Creation care, gardens and churchyards

Published: Friday February 18, 2022

Blog by the Revd Cate Williams, Environmental Engagement Officer for the Diocese of Gloucester



A few things have crossed my path over the last few weeks that share the theme of creating habitats for wildlife, whether in gardens, community green spaces or churchyards: an idea for a community event, a conference and a focus on gardening.


Churches Count on Nature

SnowdropsThis can be done at any time but has a focus during 4-12 June. It is organised as a partnership between Eco Church / Arocha and Caring for God’s Acre (CfGA), the charity that specialises in managing churchyards and other burial grounds for nature.

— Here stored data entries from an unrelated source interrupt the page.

(* Consider any fair, well-formed execution of COP as described in the context, with history $\sigma$ (and $S$ correct or Byzantine). If some client $C_k$ confirms an operation $o_1$ before an operation $o_2$, then $o_2$ does not precede $o_1$ in $\sigma$ (i.e., it is not the case that $o_2$ completes before $o_1$ is invoked).
   Context: System model. Clients $C_1,\dots,C_n$ and server $S$ in an asynchronous system, each client connected to $S$ by a reliable FIFO channel; clients are correct; $S$ is correct or Byzantine (may send arbitrary messages). Executions are fair and well-formed. Functionality. $F$ is deterministic over states $\mathcal{S}$, operations $\mathcal{O}$, responses $\mathcal{R}$: $F(s,o)=(s',r)$, extended to sequences by applying operations in order. $\mathrm{commute}_F(s,\rho_1,\rho_2)$ is true iff every interleaving of sequences $\rho_1,\rho_2$ (preserving each one's internal order) executed from $s$ yields the same final state and the same respective responses. Cryptography (ideal). $\mathrm{hash}$ is ideal collision-free; $\mathrm{sign}_i$ is invocable only by $C_i$ and $\mathrm{verify}_i(\phi,m)$ is true iff $C_i$ previously executed $\mathrm{sign}_i(m)$ obtaining $\phi$. $\|$ is concatenation. COP client $C_i$. State: $u$ (initially $\bot$); $c$ (initially $0$); map $H$ with $H[0]=\mathrm{null}$; map $Z$ to $\{\mathrm{success},\mathrm{abort}\}$; state $s$ (initially $s_0$). (1) On invocation of $o$: $u\leftarrow o$, send $\langle\mathrm{invoke},o,c,\mathrm{sign}_i(\mathrm{invoke}\|o\|i)\rangle$ to $S$. (2) On $\langle\mathrm{reply},\omega\rangle$: $\gamma,\mu\leftarrow\langle\rangle$. For $k=1,\dots,\mathrm{length}(\omega)$: $(o,j,\tau)=\omega[k]$, $l=c+k$; halt if $\mathrm{verify}_j(\tau,\mathrm{invoke}\|o\|j)$ fails; if $H[l]$ undefined set $H[l]\leftarrow\mathrm{hash}(H[l-1]\|o\|l\|j)$, else halt if $H[l]\neq\mathrm{hash}(H[l-1]\|o\|l\|j)$; if $j=i$ and $Z[l]=\mathrm{success}$ append $o$ to $\mu$, else if $j\neq i$ append $o$ to $\gamma$. Halt if $\omega$ is empty or its last entry has operation $\neq u$ or index $\neq i$. $(a,r)\leftarrow F(s,\mu)$. If $\mathrm{commute}_F(a,\langle u\rangle,\gamma)$: $(a,r)\leftarrow F(a,u)$, $Z[l]\leftarrow\mathrm{success}$; else $r\leftarrow\bot$, $Z[l]\leftarrow\mathrm{abort}$. Send $\langle\mathrm{commit},u,l,H[l],Z[l],\mathrm{sign}_i(\mathrm{commit}\|u\|l\|H[l]\|Z[l])\rangle$ to $S$, set $u\leftarrow\bot$, output $r$. (3) On $\langle\mathrm{broadcast},o,q,h,z,\phi,j\rangle$: halt unless $q=c+1$ and $\mathrm{verify}_j(\phi,\mathrm{commit}\|o\|q\|h\|z)$; if $H[q]$ undefined set $H[q]\leftarrow\mathrm{hash}(H[q-1]\|o\|q\|j)$; halt if $h\neq H[q]$; if $z=\mathrm{success}$, $(s,\cdot)\leftarrow F(s,o)$; $c\leftarrow c+1$. COP server $S$ (when correct). State $t=0$, $b=0$, maps $I,O$ empty. On $\langle\mathrm{invoke},o,c,\tau\rangle$ from $C_i$: $t\leftarrow t+1$, $I[t]\leftarrow(o,i,\tau)$, send $\langle\mathrm{reply},\langle I[c+1],\dots,I[t]\rangle\rangle$ to $C_i$. On $\langle\mathrm{commit},o,q,h,z,\phi\rangle$ from $C_i$: $O[q]\leftarrow(o,h,z,\phi,i)$; while $O[b+1]$ defined: $b\leftarrow b+1$, send $\langle\mathrm{broadcast},o',b,h',z',\phi',j\rangle$ to all clients where $(o',h',z',\phi',j)=O[b]$. Terminology. The history $\sigma$ is the sequence of invocation and response events at the clients; $o$ precedes $o'$ in $\sigma$ if $o$ completes before $o'$ is invoked. A client commits an operation when it issues the commit signature in step (2). A client confirms an operation $o$ when it processes a broadcast message for $o$ in step (3) passing all checks. *)

theory Defs
  imports Main
begin

section \<open>Model of the COP protocol with ideal cryptography\<close>

text \<open>Ideal collision-free hash: hash values are free terms, so
  hash(H[l-1] || op || l || j) is represented by the constructor HHash.\<close>
datatype 'o hv = HNull | HHash "'o hv" 'o nat nat

datatype zv = Success | Abort

text \<open>Signed payloads: invoke||op||i and commit||op||l||h||z.\<close>
datatype 'o payload = PInv 'o nat | PCom 'o nat "'o hv" zv

datatype 'o sigv = Sig nat "'o payload"

text \<open>verify_j(phi, m) holds iff C_j previously executed sign_j(m) obtaining phi;
  sg is the set of (signer, payload) pairs signed so far.\<close>
definition verify :: "(nat \<times> 'o payload) set \<Rightarrow> nat \<Rightarrow> 'o sigv \<Rightarrow> 'o payload \<Rightarrow> bool" where
  "verify sg j phi m \<longleftrightarrow> phi = Sig j m \<and> (j, m) \<in> sg"

definition Fstate :: "('s \<Rightarrow> 'o \<Rightarrow> 's \<times> 'r) \<Rightarrow> 's \<Rightarrow> 'o list \<Rightarrow> 's" where
  "Fstate F s ops = fold (\<lambda>op s. fst (F s op)) ops s"

fun runT :: "('s \<Rightarrow> 'o \<Rightarrow> 's \<times> 'r) \<Rightarrow> 's \<Rightarrow> ('o + 'o) list \<Rightarrow> 's \<times> ('r + 'r) list" where
  "runT F s [] = (s, [])"
| "runT F s (x # xs) =
     (let (s', r) = F s (case x of Inl op \<Rightarrow> op | Inr op \<Rightarrow> op);
          (s'', rs) = runT F s' xs
      in (s'', (case x of Inl _ \<Rightarrow> Inl r | Inr _ \<Rightarrow> Inr r) # rs))"

definition outc :: "'s \<times> ('r + 'r) list \<Rightarrow> 's \<times> 'r list \<times> 'r list" where
  "outc p = (fst p, map projl (filter isl (snd p)), map projr (filter (Not \<circ> isl) (snd p)))"

definition commute :: "('s \<Rightarrow> 'o \<Rightarrow> 's \<times> 'r) \<Rightarrow> 's \<Rightarrow> 'o list \<Rightarrow> 'o list \<Rightarrow> bool" where
  "commute F s rho1 rho2 \<longleftrightarrow>
     (\<forall>w \<in> shuffles (map Inl rho1) (map Inr rho2).
      \<forall>w' \<in> shuffles (map Inl rho1) (map Inr rho2).
        outc (runT F s w) = outc (runT F s w'))"

record ('o, 's) cstate =
  cu :: "'o option"
  cc :: nat
  cH :: "nat \<Rightarrow> 'o hv option"
  cZ :: "nat \<Rightarrow> zv option"
  cs :: 's
  chalt :: bool

type_synonym ('o, 's) gstate = "(nat \<Rightarrow> ('o, 's) cstate) \<times> (nat \<times> 'o payload) set"

text \<open>Events: an invocation at a client, or the delivery at client i of a message
  from the (possibly Byzantine) server, whose content is arbitrary.\<close>
datatype 'o event =
    EInv nat 'o
  | EReply nat "('o \<times> nat \<times> 'o sigv) list"
  | EBcast nat 'o nat "'o hv" zv "'o sigv" nat

datatype ('o, 'r) obs =
    OInvoke nat 'o
  | OResp nat 'o "'r option"
  | OConfirm nat 'o
  | OHalt nat

text \<open>The loop of step (2); None means the client halts.\<close>
fun scan :: "(nat \<times> 'o payload) set \<Rightarrow> nat \<Rightarrow> nat \<Rightarrow> (nat \<Rightarrow> zv option) \<Rightarrow> nat
   \<Rightarrow> ('o \<times> nat \<times> 'o sigv) list \<Rightarrow> (nat \<Rightarrow> 'o hv option) \<Rightarrow> 'o list \<Rightarrow> 'o list
   \<Rightarrow> ((nat \<Rightarrow> 'o hv option) \<times> 'o list \<times> 'o list) option" where
  "scan sg i c Z k [] H \<gamma> \<mu> = Some (H, \<gamma>, \<mu>)"
| "scan sg i c Z k ((op, j, \<tau>) # rest) H \<gamma> \<mu> =
    (let l = c + k; hv = HHash (the (H (l - 1))) op l j in
     if \<not> verify sg j \<tau> (PInv op j) then None
     else if H l \<noteq> None \<and> H l \<noteq> Some hv then None
     else scan sg i c Z (Suc k) rest (if H l = None then H(l \<mapsto> hv) else H)
            (if j \<noteq> i then \<gamma> @ [op] else \<gamma>)
            (if j = i \<and> Z l = Some Success then \<mu> @ [op] else \<mu>))"

definition halt_at :: "('o, 's) gstate \<Rightarrow> nat \<Rightarrow> (('o, 's) gstate \<times> ('o, 'r) obs) option" where
  "halt_at g i = Some (((fst g)(i := (fst g i)\<lparr>chalt := True\<rparr>), snd g), OHalt i)"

Many churches in our Diocese participated in this for the first time last year, really enjoying the experience and finding it a great way to engage positively with the wider community.  Our churchyards are often very special environments, having been relatively undisturbed for centuries.  If we are letting some areas grow longer as part of our commitment to care for creation, Churches Count on Nature is a great way to invite others to join us to explore what is growing and finding a home in our space.

For those participating in Eco Church, this fits well under both the community and global, and land headings.


This video explores nature in churchyards in our Diocese.


Beautiful Burial Ground Zoom conference: 15 March

Also from CfGA, this conference is open to anyone who is interested in learning more about how to manage a churchyard for nature.  It is planned as an inspiring day to discover how to transform burial grounds into havens for people, wildlife and heritage


Leave the garden clean up until later

Finally, a reminder from wildlife charities not to get too ahead of ourselves in a springtime tidy of the garden.  Many pollinators overwinter in standing dead stems.  If we wait until the temperature is consistently above 10 degrees, this will be appreciated by bees, butterflies and other parts of our garden’s ecology.

Whether our focus is our own gardens, community spaces or churchyards, all this works together to protect the world God has made and enable nature to thrive.